WHAT THE EXERCISE ASKS
Copy out the listing exactly.

INPUT DATA
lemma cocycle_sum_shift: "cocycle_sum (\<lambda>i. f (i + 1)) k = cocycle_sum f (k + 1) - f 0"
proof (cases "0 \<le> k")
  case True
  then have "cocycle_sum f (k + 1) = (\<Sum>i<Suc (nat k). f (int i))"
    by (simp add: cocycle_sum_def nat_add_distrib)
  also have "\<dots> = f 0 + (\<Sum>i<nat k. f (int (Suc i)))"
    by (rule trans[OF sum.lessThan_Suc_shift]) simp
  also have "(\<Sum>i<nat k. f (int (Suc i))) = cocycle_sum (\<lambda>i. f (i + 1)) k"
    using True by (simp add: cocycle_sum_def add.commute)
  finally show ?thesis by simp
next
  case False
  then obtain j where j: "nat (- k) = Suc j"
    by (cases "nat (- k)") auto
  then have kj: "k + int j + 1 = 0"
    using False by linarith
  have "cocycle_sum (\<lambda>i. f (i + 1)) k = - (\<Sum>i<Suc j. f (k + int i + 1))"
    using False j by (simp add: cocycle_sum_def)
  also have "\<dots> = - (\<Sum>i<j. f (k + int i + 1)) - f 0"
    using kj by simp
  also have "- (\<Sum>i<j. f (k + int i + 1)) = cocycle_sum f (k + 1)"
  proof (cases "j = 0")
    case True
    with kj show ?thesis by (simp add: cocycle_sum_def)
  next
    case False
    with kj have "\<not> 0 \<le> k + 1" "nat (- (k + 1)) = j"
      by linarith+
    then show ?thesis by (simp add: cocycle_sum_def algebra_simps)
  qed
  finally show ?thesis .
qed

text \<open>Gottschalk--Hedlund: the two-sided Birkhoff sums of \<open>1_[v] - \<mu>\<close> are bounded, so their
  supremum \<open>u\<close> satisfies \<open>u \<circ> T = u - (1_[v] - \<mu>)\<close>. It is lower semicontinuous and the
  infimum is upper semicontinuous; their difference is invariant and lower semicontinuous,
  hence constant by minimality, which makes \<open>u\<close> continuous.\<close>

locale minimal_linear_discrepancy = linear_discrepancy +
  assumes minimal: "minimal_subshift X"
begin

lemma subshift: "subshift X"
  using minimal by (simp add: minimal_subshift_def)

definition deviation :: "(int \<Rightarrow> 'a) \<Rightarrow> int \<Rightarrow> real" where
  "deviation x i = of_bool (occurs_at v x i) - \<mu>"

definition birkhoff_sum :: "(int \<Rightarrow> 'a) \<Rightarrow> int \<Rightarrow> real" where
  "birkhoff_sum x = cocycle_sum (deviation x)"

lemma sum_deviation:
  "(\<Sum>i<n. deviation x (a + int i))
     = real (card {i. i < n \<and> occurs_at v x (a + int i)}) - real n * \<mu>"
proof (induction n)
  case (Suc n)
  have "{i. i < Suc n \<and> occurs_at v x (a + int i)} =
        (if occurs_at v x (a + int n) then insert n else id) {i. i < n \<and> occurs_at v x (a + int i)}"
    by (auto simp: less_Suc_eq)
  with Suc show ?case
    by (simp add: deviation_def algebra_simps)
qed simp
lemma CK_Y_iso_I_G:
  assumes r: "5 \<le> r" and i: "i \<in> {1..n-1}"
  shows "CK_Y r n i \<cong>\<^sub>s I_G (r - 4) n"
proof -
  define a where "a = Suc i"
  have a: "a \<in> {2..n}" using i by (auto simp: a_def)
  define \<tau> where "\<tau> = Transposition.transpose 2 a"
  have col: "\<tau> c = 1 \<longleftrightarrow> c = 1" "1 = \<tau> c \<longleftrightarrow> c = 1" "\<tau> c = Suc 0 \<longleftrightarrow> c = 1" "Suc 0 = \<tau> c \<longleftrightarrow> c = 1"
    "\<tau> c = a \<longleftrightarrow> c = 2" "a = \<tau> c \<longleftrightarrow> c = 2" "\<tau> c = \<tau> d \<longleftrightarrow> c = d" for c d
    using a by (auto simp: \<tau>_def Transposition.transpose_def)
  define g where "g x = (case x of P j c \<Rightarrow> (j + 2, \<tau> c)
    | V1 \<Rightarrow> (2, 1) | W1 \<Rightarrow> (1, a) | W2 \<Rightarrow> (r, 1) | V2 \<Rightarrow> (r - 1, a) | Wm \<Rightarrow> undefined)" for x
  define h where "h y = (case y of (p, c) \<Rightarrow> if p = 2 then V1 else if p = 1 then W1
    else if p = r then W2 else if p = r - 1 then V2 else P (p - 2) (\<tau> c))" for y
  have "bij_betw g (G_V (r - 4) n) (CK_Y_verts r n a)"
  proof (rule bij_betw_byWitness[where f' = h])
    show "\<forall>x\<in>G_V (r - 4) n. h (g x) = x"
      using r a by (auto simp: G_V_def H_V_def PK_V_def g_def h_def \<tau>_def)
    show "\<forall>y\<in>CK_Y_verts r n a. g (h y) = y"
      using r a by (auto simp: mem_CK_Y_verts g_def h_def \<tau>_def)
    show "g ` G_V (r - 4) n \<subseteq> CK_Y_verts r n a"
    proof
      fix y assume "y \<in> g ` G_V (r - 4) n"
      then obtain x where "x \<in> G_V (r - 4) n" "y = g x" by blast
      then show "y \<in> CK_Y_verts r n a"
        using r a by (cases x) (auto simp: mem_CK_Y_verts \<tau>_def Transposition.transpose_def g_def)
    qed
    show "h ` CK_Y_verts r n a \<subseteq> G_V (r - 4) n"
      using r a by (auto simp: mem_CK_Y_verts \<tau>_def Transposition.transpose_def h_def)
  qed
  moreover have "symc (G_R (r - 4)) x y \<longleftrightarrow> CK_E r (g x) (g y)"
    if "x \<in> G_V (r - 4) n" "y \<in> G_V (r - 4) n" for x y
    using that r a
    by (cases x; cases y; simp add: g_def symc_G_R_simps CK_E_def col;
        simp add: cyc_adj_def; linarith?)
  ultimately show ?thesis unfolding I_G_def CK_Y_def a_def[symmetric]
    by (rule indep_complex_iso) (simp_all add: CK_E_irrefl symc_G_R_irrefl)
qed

TASK ANSWER
lemma cocycle_sum_shift: "cocycle_sum (\<lambda>i. f (i + 1)) k = cocycle_sum f (k + 1) - f 0"
proof (cases "0 \<le> k")
  case True
  then have "cocycle_sum f (k + 1) = (\<Sum>i<Suc (nat k). f (int i))"
    by (simp add: cocycle_sum_def nat_add_distrib)
  also have "\<dots> = f 0 + (\<Sum>i<nat k. f (int (Suc i)))"
    by (rule trans[OF sum.lessThan_Suc_shift]) simp
  also have "(\<Sum>i<nat k. f (int (Suc i))) = cocycle_sum (\<lambda>i. f (i + 1)) k"
    using True by (simp add: cocycle_sum_def add.commute)
  finally show ?thesis by simp
next
  case False
  then obtain j where j: "nat (- k) = Suc j"
    by (cases "nat (- k)") auto
  then have kj: "k + int j + 1 = 0"
    using False by linarith
  have "cocycle_sum (\<lambda>i. f (i + 1)) k = - (\<Sum>i<Suc j. f (k + int i + 1))"
    using False j by (simp add: cocycle_sum_def)
  also have "\<dots> = - (\<Sum>i<j. f (k + int i + 1)) - f 0"
    using kj by simp
  also have "- (\<Sum>i<j. f (k + int i + 1)) = cocycle_sum f (k + 1)"
  proof (cases "j = 0")
    case True
    with kj show ?thesis by (simp add: cocycle_sum_def)
  next
    case False
    with kj have "\<not> 0 \<le> k + 1" "nat (- (k + 1)) = j"
      by linarith+
    then show ?thesis by (simp add: cocycle_sum_def algebra_simps)
  qed
  finally show ?thesis .
qed

text \<open>Gottschalk--Hedlund: the two-sided Birkhoff sums of \<open>1_[v] - \<mu>\<close> are bounded, so their
  supremum \<open>u\<close> satisfies \<open>u \<circ> T = u - (1_[v] - \<mu>)\<close>. It is lower semicontinuous and the
  infimum is upper semicontinuous; their difference is invariant and lower semicontinuous,
  hence constant by minimality, which makes \<open>u\<close> continuous.\<close>

locale minimal_linear_discrepancy = linear_discrepancy +
  assumes minimal: "minimal_subshift X"
begin

lemma subshift: "subshift X"
  using minimal by (simp add: minimal_subshift_def)

definition deviation :: "(int \<Rightarrow> 'a) \<Rightarrow> int \<Rightarrow> real" where
  "deviation x i = of_bool (occurs_at v x i) - \<mu>"

definition birkhoff_sum :: "(int \<Rightarrow> 'a) \<Rightarrow> int \<Rightarrow> real" where
  "birkhoff_sum x = cocycle_sum (deviation x)"

lemma sum_deviation:
  "(\<Sum>i<n. deviation x (a + int i))
     = real (card {i. i < n \<and> occurs_at v x (a + int i)}) - real n * \<mu>"
proof (induction n)
  case (Suc n)
  have "{i. i < Suc n \<and> occurs_at v x (a + int i)} =
        (if occurs_at v x (a + int n) then insert n else id) {i. i < n \<and> occurs_at v x (a + int i)}"
    by (auto simp: less_Suc_eq)
  with Suc show ?case
    by (simp add: deviation_def algebra_simps)
qed simp
lemma CK_Y_iso_I_G:
  assumes r: "5 \<le> r" and i: "i \<in> {1..n-1}"
  shows "CK_Y r n i \<cong>\<^sub>s I_G (r - 4) n"
proof -
  define a where "a = Suc i"
  have a: "a \<in> {2..n}" using i by (auto simp: a_def)
  define \<tau> where "\<tau> = Transposition.transpose 2 a"
  have col: "\<tau> c = 1 \<longleftrightarrow> c = 1" "1 = \<tau> c \<longleftrightarrow> c = 1" "\<tau> c = Suc 0 \<longleftrightarrow> c = 1" "Suc 0 = \<tau> c \<longleftrightarrow> c = 1"
    "\<tau> c = a \<longleftrightarrow> c = 2" "a = \<tau> c \<longleftrightarrow> c = 2" "\<tau> c = \<tau> d \<longleftrightarrow> c = d" for c d
    using a by (auto simp: \<tau>_def Transposition.transpose_def)
  define g where "g x = (case x of P j c \<Rightarrow> (j + 2, \<tau> c)
    | V1 \<Rightarrow> (2, 1) | W1 \<Rightarrow> (1, a) | W2 \<Rightarrow> (r, 1) | V2 \<Rightarrow> (r - 1, a) | Wm \<Rightarrow> undefined)" for x
  define h where "h y = (case y of (p, c) \<Rightarrow> if p = 2 then V1 else if p = 1 then W1
    else if p = r then W2 else if p = r - 1 then V2 else P (p - 2) (\<tau> c))" for y
  have "bij_betw g (G_V (r - 4) n) (CK_Y_verts r n a)"
  proof (rule bij_betw_byWitness[where f' = h])
    show "\<forall>x\<in>G_V (r - 4) n. h (g x) = x"
      using r a by (auto simp: G_V_def H_V_def PK_V_def g_def h_def \<tau>_def)
    show "\<forall>y\<in>CK_Y_verts r n a. g (h y) = y"
      using r a by (auto simp: mem_CK_Y_verts g_def h_def \<tau>_def)
    show "g ` G_V (r - 4) n \<subseteq> CK_Y_verts r n a"
    proof
      fix y assume "y \<in> g ` G_V (r - 4) n"
      then obtain x where "x \<in> G_V (r - 4) n" "y = g x" by blast
      then show "y \<in> CK_Y_verts r n a"
        using r a by (cases x) (auto simp: mem_CK_Y_verts \<tau>_def Transposition.transpose_def g_def)
    qed
    show "h ` CK_Y_verts r n a \<subseteq> G_V (r - 4) n"
      using r a by (auto simp: mem_CK_Y_verts \<tau>_def Transposition.transpose_def h_def)
  qed
  moreover have "symc (G_R (r - 4)) x y \<longleftrightarrow> CK_E r (g x) (g y)"
    if "x \<in> G_V (r - 4) n" "y \<in> G_V (r - 4) n" for x y
    using that r a
    by (cases x; cases y; simp add: g_def symc_G_R_simps CK_E_def col;
        simp add: cyc_adj_def; linarith?)
  ultimately show ?thesis unfolding I_G_def CK_Y_def a_def[symmetric]
    by (rule indep_complex_iso) (simp_all add: CK_E_irrefl symc_G_R_irrefl)
qed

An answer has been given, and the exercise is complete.